• **Assigned task**: For every line in the records that has the word "intro", make a copy.

• **Data to use**:
________________________

lemma reduce_append_reduce_left: "reduce (reduce xs @ ys) = reduce (xs @ ys)"
proof (induction xs)
  case Nil
  show ?case
    using reduce_append_reduce_right[of "[]"] by simp
next
  case (Cons x xs)
  have "reduce (reduce (x # xs) @ ys) = reduce (x # (reduce xs @ ys))"
  proof (cases "reduce xs")
    case Nil
    then show ?thesis
      using reduce_append_reduce_right[of "[x]" ys] by simp
  next
    case (Cons y zs)
    show ?thesis
    proof (cases "y = inv_letter x")
      case True
      then have "reduce (x # (reduce xs @ ys)) = reduce (zs @ ys)"
        using Cons reduce_Cons_inv_letter[of x "zs @ ys"] by simp
      with Cons True show ?thesis
        by simp
    next
      case False
      with Cons show ?thesis
        using reduce_append_reduce_right[of "x # y # zs" ys] by simp
    qed
  qed
  with Cons.IH show ?case
    by simp
qed

lemma fmult_reduce_reduce: "fmult (reduce xs) (reduce ys) = reduce (xs @ ys)"
  unfolding fmult_def by (simp add: reduce_append_reduce_left reduce_append_reduce_right)

lemma reduce_append_cong_left: "reduce xs = reduce ys \<Longrightarrow> reduce (xs @ zs) = reduce (ys @ zs)"
  by (metis reduce_append_reduce_left)

lemma finv_Nil [simp]: "finv [] = []"
  by (simp add: finv_def)

lemma finv_eq_Nil_iff [simp]: "finv w = [] \<longleftrightarrow> w = []"
  by (simp add: finv_def)

lemma length_finv [simp]: "length (finv w) = length w"
  by (simp add: finv_def)

lemma finv_append [simp]: "finv (u @ v) = finv v @ finv u"
  by (simp add: finv_def)

lemma finv_finv [simp]: "finv (finv w) = w"
  by (simp add: finv_def rev_map comp_def)

lemma reduce_finv_append_cancel [simp]: "reduce (finv w @ w @ u) = reduce u"
proof (induction w arbitrary: u)
  case (Cons x w)
  have "finv (x # w) @ (x # w) @ u = finv w @ inv_letter x # inv_letter (inv_letter x) # w @ u"
    by (simp add: finv_def)
  then show ?case
    using reduce_append_cong[OF reduce_inv_letter_Cons, of "finv w"] Cons.IH by simp
qed simp

lemma reduce_append_finv_cancel [simp]: "reduce (w @ finv w @ u) = reduce u"
  using reduce_finv_append_cancel[of "finv w" u] by simp

lemma reduce_finv_cong: "reduce x = reduce y \<Longrightarrow> reduce (finv x) = reduce (finv y)"
  by (metis append_Nil2 reduce_append_cong reduce_append_cong_left reduce_finv_append_cancel
      reduce_append_finv_cancel)

lemma prefix_finv_iff: "prefix P (finv X) \<longleftrightarrow> suffix (finv P) X"
  unfolding prefix_def suffix_def by (metis finv_append finv_finv)

lemma suffix_finv_iff: "suffix S (finv X) \<longleftrightarrow> prefix (finv S) X"
  unfolding prefix_def suffix_def by (metis finv_append finv_finv)

lemma sublist_finv: "sublist X Y \<Longrightarrow> sublist (finv X) (finv Y)"
  unfolding sublist_def by (metis finv_append append.assoc)

lemma sublist_iff_occurrence:
  "sublist A W \<longleftrightarrow> (\<exists>s. s + length A \<le> length W \<and> take (length A) (drop s W) = A)"
proof
  assume "sublist A W"
  then obtain ps ss where "W = ps @ A @ ss"
    unfolding sublist_def by blast
  then show "\<exists>s. s + length A \<le> length W \<and> take (length A) (drop s W) = A"
    by (intro exI[of _ "length ps"]) simp
next
  assume "\<exists>s. s + length A \<le> length W \<and> take (length A) (drop s W) = A"
  then obtain s where "take (length A) (drop s W) = A"
    by blast
  then have "W = take s W @ A @ drop (length A) (drop s W)"
    by (metis append_take_drop_id)
  then show "sublist A W"
    unfolding sublist_def by blast
qed

lemma sublist_window: "sublist (drop a (take b W)) W"
  by (meson sublist_drop sublist_order.order_trans sublist_take)

lemma reduce_window:
  "a \<le> b \<Longrightarrow> reduce (drop a (take b V)) = reduce (finv (take a V) @ take b V)"
  by (metis append_take_drop_id min.absorb1 reduce_finv_append_cancel take_take)

lemma reduce_cyclic_window: "reduce (drop a W @ take b W) = reduce (finv (take a W) @ W @ take b W)"
  by (metis append.assoc append_take_drop_id reduce_finv_append_cancel)

lemma occurrence_eq_window:
  "take (length A) (drop s W) = A \<Longrightarrow> A = drop s (take (s + length A) W)"
  by (metis add.commute take_drop)

lemma reduce_occurrence:
  "take (length A) (drop s W) = A \<Longrightarrow> reduce A = reduce (finv (take s W) @ take (s + length A) W)"
  by (metis occurrence_eq_window reduce_window le_add1)

lemma rotate_eq_drop_take: "a \<le> length W \<Longrightarrow> rotate a W = drop a W @ take a W"
  by (cases "a = length W") (simp_all add: rotate_drop_take)

lemma in_RW_self: "in_RW W W"
  unfolding in_RW_def by (metis rotate0 id_apply)

lemma in_RW_finv: "in_RW W (finv W)"
  unfolding in_RW_def by (metis rotate0 id_apply)

lemma in_RW_rotate: "in_RW W (rotate k W)"
  unfolding in_RW_def by blast

lemma in_RW_finv_rotate: "in_RW W (finv (rotate k W))"
proof -
  define r where "r = k mod length W"
  have "finv (rotate k W) = finv (take r W) @ finv (drop r W)"
    by (simp add: rotate_drop_take r_def)
  also have "\<dots> = rotate (length (finv (drop r W))) (finv W)"
    by (metis append_take_drop_id finv_append rotate_append)
  finally show ?thesis
    unfolding in_RW_def by blast
qed

lemma sublist_rotate_cyclic_window:
  assumes "b \<le> a" "a \<le> length W"
  shows "sublist (drop a W @ take b W) (rotate a W)"
proof -
  have "take a W = take b W @ drop b (take a W)"
    using assms(1) by (metis append_take_drop_id min.absorb1 take_take)
  then show ?thesis
    unfolding rotate_eq_drop_take[OF assms(2)] sublist_def by (metis append.assoc append_Nil)
qed

lemma cyclic_window_eq_window:
  "a \<le> length W \<Longrightarrow> drop a W @ take b W = drop a (take (length W + b) (W @ W))"
  by simp

lemma prefix_window:
  assumes "prefix P (drop a (take b V))" "P \<noteq> []"
  shows "\<exists>k. a < k \<and> k \<le> b \<and> P = drop a (take k V)"
proof -
  obtain Z where Z: "drop a (take b V) = P @ Z"
    using assms(1) prefix_def by blast
  then have "P = take (length P) (drop a (take b V))"
    by simp
  then have "P = drop a (take (min (length P + a) b) V)"
    by (simp add: take_drop)
  moreover have "a < b"
    using arg_cong[OF Z, of length] assms(2) by (cases P) (auto simp: min_def split: if_splits)
  then have "a < min (length P + a) b"
    using assms(2) by simp
  ultimately show ?thesis
    by (intro exI[of _ "min (length P + a) b"]) simp
qed

lemma suffix_window:
  assumes "suffix S (drop a (take b V))" "S \<noteq> []"
  shows "\<exists>k. a \<le> k \<and> k < b \<and> S = drop k (take b V)"
proof -
  obtain Z where Z: "drop a (take b V) = Z @ S"
    using assms(1) suffix_def by blast
  then have "S = drop (length Z) (drop a (take b V))"
    by simp
  then have "S = drop (length Z + a) (take b V)"
    by simp
  moreover have "length Z + a < b"
    using arg_cong[OF Z, of length] assms(2) by (cases S) (auto simp: min_def split: if_splits)
  ultimately show ?thesis
    by (intro exI[of _ "length Z + a"]) simp
qed

lemma biorder_converse: "biorder lt \<Longrightarrow> biorder (\<lambda>u v. lt v u)"
  unfolding biorder_def by meson

lemma descent_iff_ascent_converse: "descent lt U \<longleftrightarrow> ascent (\<lambda>u v. lt v u) U"
  by (simp add: ascent_def descent_def wless_def)

locale biordered =
  fixes lt :: "'a word \<Rightarrow> 'a word \<Rightarrow> bool"
  assumes biorder: "biorder lt"
begin

lemma wless_irrefl: "reduce u = reduce v \<Longrightarrow> \<not> wless lt u v"
  using biorder reduced_reduce unfolding biorder_def wless_def by metis

lemma wless_trans: "wless lt u v \<Longrightarrow> wless lt v w \<Longrightarrow> wless lt u w"
  using biorder reduced_reduce unfolding biorder_def wless_def by metis

lemma wless_linear: "reduce u = reduce v \<or> wless lt u v \<or> wless lt v u"
  using biorder reduced_reduce unfolding biorder_def wless_def by metis

lemma wless_asym: "wless lt u v \<Longrightarrow> \<not> wless lt v u"
  using wless_trans wless_irrefl by blast

lemma wless_cong:
  "reduce u = reduce u' \<Longrightarrow> reduce v = reduce v' \<Longrightarrow> wless lt u v = wless lt u' v'"
  by (simp add: wless_def)

lemma wle_iff_eq_or_wless: "wle lt u v \<longleftrightarrow> reduce u = reduce v \<or> wless lt u v"
  by (simp add: wle_def wless_def)

lemma wle_wless_trans: "wle lt u v \<Longrightarrow> wless lt v w \<Longrightarrow> wless lt u w"
  unfolding wle_iff_eq_or_wless by (metis wless_cong wless_trans)

lemma wless_wle_trans: "wless lt u v \<Longrightarrow> wle lt v w \<Longrightarrow> wless lt u w"
  unfolding wle_iff_eq_or_wless by (metis wless_cong wless_trans)

lemma wless_append_left: "wless lt u v \<Longrightarrow> wless lt (w @ u) (w @ v)"
  using biorder reduced_reduce unfolding biorder_def wless_def by (metis fmult_reduce_reduce)

lemma wless_append_right: "wless lt u v \<Longrightarrow> wless lt (u @ w) (v @ w)"
  using biorder reduced_reduce unfolding biorder_def wless_def by (metis fmult_reduce_reduce)

lemma wless_append_left_iff: "wless lt (w @ u) (w @ v) \<longleftrightarrow> wless lt u v"
  by (metis wless_append_left wless_asym wless_irrefl wless_linear reduce_append_cong)

lemma wless_append_right_iff: "wless lt (u @ w) (v @ w) \<longleftrightarrow> wless lt u v"
  by (metis wless_append_right wless_asym wless_irrefl wless_linear reduce_append_cong_left)

lemma wle_append_left: "wle lt u v \<Longrightarrow> wle lt (w @ u) (w @ v)"
  unfolding wle_iff_eq_or_wless using reduce_append_cong wless_append_left by blast

lemma Nil_wless_finv_append_iff: "wless lt [] (finv x @ y) \<longleftrightarrow> wless lt x y"
  using wless_append_left_iff[of x "[]" "finv x @ y"] by (simp add: wless_def)

lemma wless_finv: "wless lt u v \<Longrightarrow> wless lt (finv v) (finv u)"
proof -
  assume "wless lt u v"
  then have "wless lt (finv v @ u @ finv u) (finv v @ v @ finv u)"
    by (simp add: wless_append_left_iff wless_append_right_iff)
  moreover have "reduce (finv v @ u @ finv u) = reduce (finv v)"
    using reduce_append_cong[of "u @ finv u" "[]" "finv v"] reduce_append_finv_cancel[of u "[]"]
    by simp
  ultimately show ?thesis
    by (simp add: wless_def)
qed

________________________

• **Solution for this exercise**:
    by (intro exI[of _ "length ps"]) simp
    by (intro exI[of _ "min (length P + a) b"]) simp
    by (intro exI[of _ "length Z + a"]) simp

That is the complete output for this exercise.